● **SUPPLIED DATA**:
· · · · · · ·

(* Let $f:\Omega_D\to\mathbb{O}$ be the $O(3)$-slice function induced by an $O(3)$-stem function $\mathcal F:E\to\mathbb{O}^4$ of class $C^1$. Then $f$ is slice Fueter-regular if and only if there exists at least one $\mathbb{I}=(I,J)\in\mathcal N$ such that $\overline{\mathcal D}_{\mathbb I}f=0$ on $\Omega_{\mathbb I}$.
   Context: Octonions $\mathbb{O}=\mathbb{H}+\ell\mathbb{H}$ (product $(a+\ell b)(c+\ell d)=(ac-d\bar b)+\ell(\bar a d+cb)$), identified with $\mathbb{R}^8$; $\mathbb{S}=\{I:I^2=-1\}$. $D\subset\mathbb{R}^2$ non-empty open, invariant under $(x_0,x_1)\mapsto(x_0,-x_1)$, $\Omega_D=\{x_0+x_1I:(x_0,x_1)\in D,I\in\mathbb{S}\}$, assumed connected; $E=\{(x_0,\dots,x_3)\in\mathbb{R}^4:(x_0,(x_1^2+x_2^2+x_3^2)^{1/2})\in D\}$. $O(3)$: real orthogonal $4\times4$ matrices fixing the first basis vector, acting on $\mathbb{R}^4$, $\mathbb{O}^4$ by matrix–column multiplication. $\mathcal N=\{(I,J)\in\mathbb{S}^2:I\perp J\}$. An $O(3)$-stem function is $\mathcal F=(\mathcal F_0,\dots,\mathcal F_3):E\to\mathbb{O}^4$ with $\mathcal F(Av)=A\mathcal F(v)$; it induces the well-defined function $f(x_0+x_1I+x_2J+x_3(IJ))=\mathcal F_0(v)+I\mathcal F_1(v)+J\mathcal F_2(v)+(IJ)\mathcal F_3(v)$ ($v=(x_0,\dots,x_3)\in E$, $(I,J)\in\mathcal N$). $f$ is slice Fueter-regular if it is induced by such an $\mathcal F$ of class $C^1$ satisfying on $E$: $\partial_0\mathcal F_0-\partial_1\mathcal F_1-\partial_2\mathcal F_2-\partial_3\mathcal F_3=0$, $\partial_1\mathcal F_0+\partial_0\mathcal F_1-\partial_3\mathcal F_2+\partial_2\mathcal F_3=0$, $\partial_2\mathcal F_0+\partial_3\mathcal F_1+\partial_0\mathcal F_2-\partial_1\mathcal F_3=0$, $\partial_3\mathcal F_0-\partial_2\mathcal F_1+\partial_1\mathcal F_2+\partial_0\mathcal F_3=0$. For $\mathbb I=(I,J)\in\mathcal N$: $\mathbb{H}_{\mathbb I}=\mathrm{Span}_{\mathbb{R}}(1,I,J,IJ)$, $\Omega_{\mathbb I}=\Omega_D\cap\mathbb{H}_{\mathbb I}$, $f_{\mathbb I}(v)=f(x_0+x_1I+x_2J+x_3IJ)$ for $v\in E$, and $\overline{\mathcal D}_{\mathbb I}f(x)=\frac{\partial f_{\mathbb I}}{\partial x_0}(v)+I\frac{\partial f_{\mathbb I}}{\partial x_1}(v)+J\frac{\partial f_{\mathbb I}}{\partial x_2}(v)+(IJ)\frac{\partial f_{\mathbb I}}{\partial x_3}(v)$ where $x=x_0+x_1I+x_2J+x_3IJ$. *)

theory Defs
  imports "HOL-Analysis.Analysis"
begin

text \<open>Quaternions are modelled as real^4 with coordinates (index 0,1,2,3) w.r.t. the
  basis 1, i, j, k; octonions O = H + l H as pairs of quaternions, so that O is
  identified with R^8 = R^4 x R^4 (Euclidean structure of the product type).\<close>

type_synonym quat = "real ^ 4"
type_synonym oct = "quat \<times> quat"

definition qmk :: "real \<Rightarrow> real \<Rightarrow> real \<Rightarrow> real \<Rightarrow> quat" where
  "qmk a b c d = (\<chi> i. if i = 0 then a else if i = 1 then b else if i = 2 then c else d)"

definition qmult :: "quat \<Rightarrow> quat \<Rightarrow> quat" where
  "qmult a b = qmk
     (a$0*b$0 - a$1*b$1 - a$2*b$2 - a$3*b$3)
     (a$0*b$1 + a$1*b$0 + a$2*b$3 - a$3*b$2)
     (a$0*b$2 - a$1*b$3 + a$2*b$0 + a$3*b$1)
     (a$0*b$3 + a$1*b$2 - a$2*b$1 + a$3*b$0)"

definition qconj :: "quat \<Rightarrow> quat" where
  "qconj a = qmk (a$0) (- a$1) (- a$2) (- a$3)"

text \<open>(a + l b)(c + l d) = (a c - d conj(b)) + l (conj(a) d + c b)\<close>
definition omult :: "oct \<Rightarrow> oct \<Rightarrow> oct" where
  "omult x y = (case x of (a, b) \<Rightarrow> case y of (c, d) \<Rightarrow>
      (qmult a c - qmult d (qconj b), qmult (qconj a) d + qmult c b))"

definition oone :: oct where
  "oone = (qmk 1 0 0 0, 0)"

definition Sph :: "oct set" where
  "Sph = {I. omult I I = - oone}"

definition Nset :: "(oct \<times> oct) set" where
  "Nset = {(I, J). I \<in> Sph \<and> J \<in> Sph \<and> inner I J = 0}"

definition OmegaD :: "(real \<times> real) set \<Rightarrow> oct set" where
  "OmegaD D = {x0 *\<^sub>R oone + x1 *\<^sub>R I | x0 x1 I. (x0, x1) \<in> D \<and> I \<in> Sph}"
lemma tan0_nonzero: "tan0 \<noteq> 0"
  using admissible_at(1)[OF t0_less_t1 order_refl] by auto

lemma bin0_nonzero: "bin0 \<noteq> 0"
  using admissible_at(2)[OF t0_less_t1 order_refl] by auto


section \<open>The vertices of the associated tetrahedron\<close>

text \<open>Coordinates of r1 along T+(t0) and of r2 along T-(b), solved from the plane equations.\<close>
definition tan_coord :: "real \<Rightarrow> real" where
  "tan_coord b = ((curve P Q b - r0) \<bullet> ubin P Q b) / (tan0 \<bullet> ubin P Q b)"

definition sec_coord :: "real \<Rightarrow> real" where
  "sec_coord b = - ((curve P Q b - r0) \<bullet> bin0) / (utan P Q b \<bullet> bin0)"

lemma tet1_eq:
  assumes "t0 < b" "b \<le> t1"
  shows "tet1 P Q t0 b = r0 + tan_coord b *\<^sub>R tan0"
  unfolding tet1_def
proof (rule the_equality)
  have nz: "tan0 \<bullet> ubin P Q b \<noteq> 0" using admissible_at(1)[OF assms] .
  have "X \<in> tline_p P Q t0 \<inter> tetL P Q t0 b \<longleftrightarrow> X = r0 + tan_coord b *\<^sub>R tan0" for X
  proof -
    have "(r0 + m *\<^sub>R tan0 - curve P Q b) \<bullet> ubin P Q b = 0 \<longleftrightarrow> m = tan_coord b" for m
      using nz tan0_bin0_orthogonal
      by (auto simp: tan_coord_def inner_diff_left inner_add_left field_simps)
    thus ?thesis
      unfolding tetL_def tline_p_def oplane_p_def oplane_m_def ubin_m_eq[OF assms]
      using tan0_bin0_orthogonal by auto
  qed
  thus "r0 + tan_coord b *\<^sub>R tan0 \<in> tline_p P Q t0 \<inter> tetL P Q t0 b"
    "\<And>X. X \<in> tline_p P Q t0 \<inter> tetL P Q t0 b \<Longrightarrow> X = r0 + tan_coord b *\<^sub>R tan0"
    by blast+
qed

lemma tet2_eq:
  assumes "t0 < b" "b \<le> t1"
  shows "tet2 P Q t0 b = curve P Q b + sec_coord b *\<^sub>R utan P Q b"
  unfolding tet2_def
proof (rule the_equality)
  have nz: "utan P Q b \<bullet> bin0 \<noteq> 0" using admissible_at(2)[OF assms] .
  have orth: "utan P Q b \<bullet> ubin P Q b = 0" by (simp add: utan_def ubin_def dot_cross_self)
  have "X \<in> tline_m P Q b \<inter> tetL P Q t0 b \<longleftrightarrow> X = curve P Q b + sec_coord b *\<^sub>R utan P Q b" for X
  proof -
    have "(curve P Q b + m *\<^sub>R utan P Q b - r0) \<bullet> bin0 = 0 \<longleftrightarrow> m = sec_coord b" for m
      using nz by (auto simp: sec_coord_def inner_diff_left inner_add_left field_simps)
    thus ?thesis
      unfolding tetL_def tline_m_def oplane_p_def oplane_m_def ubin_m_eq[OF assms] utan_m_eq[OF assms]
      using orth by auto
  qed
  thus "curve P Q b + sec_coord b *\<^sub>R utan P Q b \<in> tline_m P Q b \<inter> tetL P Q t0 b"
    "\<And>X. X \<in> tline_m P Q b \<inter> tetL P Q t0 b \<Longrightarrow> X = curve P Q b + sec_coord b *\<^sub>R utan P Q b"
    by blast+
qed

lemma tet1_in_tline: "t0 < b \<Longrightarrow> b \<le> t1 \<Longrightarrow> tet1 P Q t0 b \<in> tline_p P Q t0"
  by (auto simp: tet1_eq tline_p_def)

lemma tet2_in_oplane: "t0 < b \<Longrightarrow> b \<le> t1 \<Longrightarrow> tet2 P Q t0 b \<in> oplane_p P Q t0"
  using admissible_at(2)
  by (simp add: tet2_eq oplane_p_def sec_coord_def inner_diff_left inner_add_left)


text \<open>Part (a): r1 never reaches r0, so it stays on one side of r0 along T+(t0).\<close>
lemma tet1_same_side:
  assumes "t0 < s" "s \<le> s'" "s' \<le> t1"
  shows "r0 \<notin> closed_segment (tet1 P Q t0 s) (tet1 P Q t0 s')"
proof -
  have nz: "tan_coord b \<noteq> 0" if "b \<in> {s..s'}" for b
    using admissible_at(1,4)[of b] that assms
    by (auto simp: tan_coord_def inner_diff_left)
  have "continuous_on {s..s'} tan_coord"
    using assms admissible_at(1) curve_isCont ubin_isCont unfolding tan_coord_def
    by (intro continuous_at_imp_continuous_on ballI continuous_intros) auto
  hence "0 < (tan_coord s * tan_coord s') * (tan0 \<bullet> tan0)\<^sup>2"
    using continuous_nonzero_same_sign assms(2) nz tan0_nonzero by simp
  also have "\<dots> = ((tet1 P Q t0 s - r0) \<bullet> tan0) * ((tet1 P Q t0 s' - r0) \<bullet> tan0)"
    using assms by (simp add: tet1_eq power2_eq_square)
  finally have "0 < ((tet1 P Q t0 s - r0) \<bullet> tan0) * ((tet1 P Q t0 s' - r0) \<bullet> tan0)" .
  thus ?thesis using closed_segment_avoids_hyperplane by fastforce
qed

· · · · · · ·

● **HOW TO COMPLETE THIS TASK**: In the records, locate each line holding the string "shows" and copy it.

● **OUTPUT OF THE TASK**:
  shows "tet1 P Q t0 b = r0 + tan_coord b *\<^sub>R tan0"
  shows "tet2 P Q t0 b = curve P Q b + sec_coord b *\<^sub>R utan P Q b"
  shows "r0 \<notin> closed_segment (tet1 P Q t0 s) (tet1 P Q t0 s')"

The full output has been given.